Before building the tunnel, let's test the communication between the BR0 and BR1 22 on both virtual machines Host1 and Host2. Shell root@ubuntu:~# Ping 192.168.146.136 # # Host1 ping Host2 br0 ping 192.168.146.136 (192.168.146.136) bytes of D Ata. Bytes from 192.168.146.136:icmp_seq=1 ttl=64 time=1.88 ms bytes from 192.168.146.136:icmp_seq=2 ttl=64 Ms...... 1 2 3 4 5 root @ Ubuntu: ~ # ping 192.168.146.136        ## Host1 ping Host2 br0 PING 192.168.146.136 (192.168.146.136) bytes of data. 192.168.146.136:icmp_seq = 1 ttl = bytes = 1.88 ms bytes from 192.168.146.136:icmp_seq = 2 ttl = 64 Time = 0.703 ms ... Shell root@ubuntu:~# Ping 10.0.1.1 # # Host1 ping Host2 br1 ping 192.168.146.136 (192.168.146.136) bytes of data. ...... 1 2 3 4 root @ Ubuntu: ~ # ping 10.0.1.1        ## Host1 ping Host2 br1 ping 192. 168.146.136 (192.168.146.136) bytes of data.   ...

BR1 and the other side of the BR1 can not communicate, we built the tunnel is to enable the two machines BR1 (data level) to achieve communication.

1. Set the Vxlan on the Host1, the remote IP is set to Host2 the BR0 IP that can communicate with the external. Shell # ovs-vsctl Add-port BR1 vx1--set interface vx1 Type=vxlan options:remote_ip=192.168.146.136 1 # ovs-vsctl Add-por T BR1 vx1--set interface vx1 Type=vxlan options:remote_ip=192.168.146.136

2. Set the Vxlan on the HOST2, the remote IP is set to Host1 the BR0 IP that can communicate with the external. Shell # ovs-vsctl Add-port BR1 vx1--set interface vx1 Type=vxlan options:remote_ip=192.168.146.131 1 # ovs-vsctl Add-por T BR1 vx1--set interface vx1 Type=vxlan options:remote_ip=192.168.146.131
3.4 Verifying Vxlan Tunnel

BR1 between the two machines enables normal communication: Shell root@ubuntu:~# ping 10.0.1.1 ping 10.0.1.1 (10.0.1.1) bytes of data. Bytes from 10.0.1.1:icmp_seq=1 ttl=64 time=15.4 ms-bytes from 10.0.1.1:icmp_seq=2 ttl=64-time=0.715 ms ... Root@ubu ntu:~# Ping 10.0.1.1 Ping 10.0.1.1 (10.0.1.1) bytes of data. Bytes from 10.0.1.1:icmp_seq=1 ttl=64 time=15.4 ms-bytes from 10.0.1.1:icmp_seq=2 ttl=64-time=0.715 ms ... 1 2 3 4 5 6 7 8 9 each root @ Ubuntu: ~ # ping 10.0.1.1 ping 10.0.1.1 (10.0.1.1) bytes of data. 10.0.1.1:icmp_seq = 1 ttl = bytes = 15.4 ms bytes from 10.0.1.1:ICMP_SEQ = 2 ttl = = 0.715 Ms ... root @ Ubuntu: ~ # ping 10.0.1.1 ping 10.0.1.1 (10.0.1.1) bytes of data. 10.0.1.1:icmp_seq = 1 ttl = bytes = 15.4 ms bytes from 10.0.1.1:ICMP_SEQ = 2 ttl = = 0.715 Ms......

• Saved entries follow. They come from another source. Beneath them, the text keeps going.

(* Let $h$ be an isometry of the Urysohn metric space $\mathbb U$ and let $\delta>0$. Then for every finite $\mathbf A\subseteq\mathbb U$ there is an isometry $f$ of $\mathbb U$ such that $d(f(a),h(a))\leq\delta$ for all $a\in\mathbf A$, while $d(a,f(b))\geq\delta$ for all $a,b\in\mathbf A$.
   Context: The Urysohn metric space $\mathbb U$ is, up to isometry, the unique complete separable metric space such that every isometric embedding of a finite metric space $\mathbf A$ into $\mathbb U$ extends to any one-point metric extension $\mathbf A\cup\{y\}$ of $\mathbf A$. *)

theory Defs
  imports "HOL-Analysis.Analysis"
begin

definition isometry_of :: "('a::metric_space \<Rightarrow> 'a) \<Rightarrow> bool" where
  "isometry_of f \<longleftrightarrow> bij f \<and> (\<forall>x y. dist (f x) (f y) = dist x y)"

text \<open>Finite metric spaces are represented (up to isometry)
  by finite sets of natural numbers with a metric.\<close>
definition urysohn_extension_property :: "'a::metric_space itself \<Rightarrow> bool" where
  "urysohn_extension_property TYPE('a) \<longleftrightarrow>
    (\<forall>(S::nat set) (y::nat) (d::nat \<Rightarrow> nat \<Rightarrow> real) (e::nat \<Rightarrow> 'a).
       finite S \<and> y \<notin> S \<and> Metric_space (insert y S) d \<and>
       (\<forall>a\<in>S. \<forall>b\<in>S. dist (e a) (e b) = d a b)
       \<longrightarrow> (\<exists>u::'a. \<forall>a\<in>S. dist u (e a) = d y a))"
(* Let $W^{(1)},W^{(2)},\ldots$ be an infinite sequence of finite Coxeter groups such that $W^{(n)}$ has rank $n$, and let $s_n^2$ be the variance of the number of $W^{(n)}$-descents of a uniformly random element of $W^{(n)}$. Consider the conditions: (A1) the rank of the non-dihedral component of $W^{(n)}$ tends to infinity; (A2) the rank of the non-dihedral component of $W^{(n)}$ is not globally bounded; (B) the irreducible dihedral components $\{I_2(m_i^{(n)})\}_{i\in I(n)}$ of $W^{(n)}$ satisfy $\sum_{i\in I(n)} 1/m_i^{(n)}\to\infty$. Then $[(\mathrm{A1})\text{ or }(\mathrm{B})]\Rightarrow s_n\to\infty\Rightarrow[(\mathrm{A2})\text{ or }(\mathrm{B})]$.
   Context: The number of descents of $w$ is $\#\{\beta\in\Delta : w(\beta)\in\Phi^-\}$ for a fixed root system with simple roots $\Delta$. Each finite Coxeter group is a product of irreducible components; the irreducible dihedral components are those of type $I_2(m)$ (rank two), and the non-dihedral component of $W$ is the parabolic subgroup formed by all irreducible components of $W$ that are not of dihedral type. *)

theory Defs
  imports "HOL-Probability.Probability"
begin

text \<open>A Coxeter matrix of rank n is encoded as M :: nat => nat => nat on the index set
{0..<n}: M i i = 1, M i j = M j i >= 2 for i ~= j (finite entries; finiteness of the
group forces all entries to be finite anyway).\<close>

definition coxeter_matrix :: "(nat \<Rightarrow> nat \<Rightarrow> nat) \<Rightarrow> nat \<Rightarrow> bool" where
  "coxeter_matrix M n \<longleftrightarrow>
     (\<forall>i<n. M i i = 1) \<and>
     (\<forall>i<n. \<forall>j<n. M i j = M j i) \<and>
     (\<forall>i<n. \<forall>j<n. i \<noteq> j \<longrightarrow> M i j \<ge> 2)"

text \<open>Geometric (Tits) representation on vectors v :: nat => real whose coordinate k
is the coefficient of the simple root alpha_k (k < n).  Bilinear form
B(alpha_i, alpha_j) = - cos(pi / m_ij).\<close>

definition cox_form :: "(nat \<Rightarrow> nat \<Rightarrow> nat) \<Rightarrow> nat \<Rightarrow> nat \<Rightarrow> (nat \<Rightarrow> real) \<Rightarrow> real" where
  "cox_form M n i v = (\<Sum>j<n. - cos (pi / real (M i j)) * v j)"

definition simple_root :: "nat \<Rightarrow> nat \<Rightarrow> real" where
  "simple_root i = (\<lambda>k. if k = i then 1 else 0)"

definition cox_refl :: "(nat \<Rightarrow> nat \<Rightarrow> nat) \<Rightarrow> nat \<Rightarrow> nat \<Rightarrow> (nat \<Rightarrow> real) \<Rightarrow> (nat \<Rightarrow> real)" where
  "cox_refl M n i v = (\<lambda>k. v k - 2 * cox_form M n i v * simple_root i k)"

definition cox_group :: "(nat \<Rightarrow> nat \<Rightarrow> nat) \<Rightarrow> nat \<Rightarrow> ((nat \<Rightarrow> real) \<Rightarrow> (nat \<Rightarrow> real)) set" where
  "cox_group M n = {foldr (\<circ>) (map (cox_refl M n) is) id | is. set is \<subseteq> {..<n}}"
definition pearson :: "'b set \<Rightarrow> ('b \<Rightarrow> real) \<Rightarrow> ('b \<Rightarrow> real) \<Rightarrow> real" where
  "pearson X g h = unif_cov X g h / sqrt (unif_var X g * unif_var X h)"

definition matpow :: "real^'q^'q \<Rightarrow> nat \<Rightarrow> real^'q^'q" where
  "matpow M k = ((\<lambda>N. M ** N) ^^ k) (mat 1)"

end

theory Submission
  imports Defs
begin

(* Write B = J P, F = B^T B / n = P^T F_S P, R(mu) = (F + mu I)^-1 and N = (B B^T + n lam I)^-1.
   Since the gradients sum to zero, so do the attributions tau(mu, z_i), which form the vector
   v(mu) = -B R(mu) u.  For a zero-sum weight vector w, the subset sum over A ~ D_a has covariance
   with f proportional to <w, alpha> and variance proportional to |w|^2, so c(mu) is a fixed positive
   multiple of the cosine between v(mu) and alpha.  With m = R(lam) u and the push-through identity
   B R(lam) = n N B, the derivative of v at lam is n N B m, and the derivative of the cosine has the
   sign of X t_2 + r t_3 where X = <B m, N alpha>, t_2 = |B m|^2 / n, t_3 = <B m, N B m> and
   o = <alpha, N alpha>.  Cauchy-Schwarz for the form N gives |X| <= sqrt (t_3 o), while the hypothesis
   is equivalent to r sqrt t_3 > t_2 sqrt o; hence X t_2 + r t_3 > 0. *)

declare transpose_matrix_vector [simp del]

At the same time through the bag to prove that the use of packet protocol is indeed Vxlan, see the following figure: 4. Conclusion

This experiment constructs the Vxlan tunnel based on open Vswitch, realizes the communication of the Intranet machine in different network segment. The experiment is based on open vswitch Virtual Switch, conditional friends can experiment in real environment.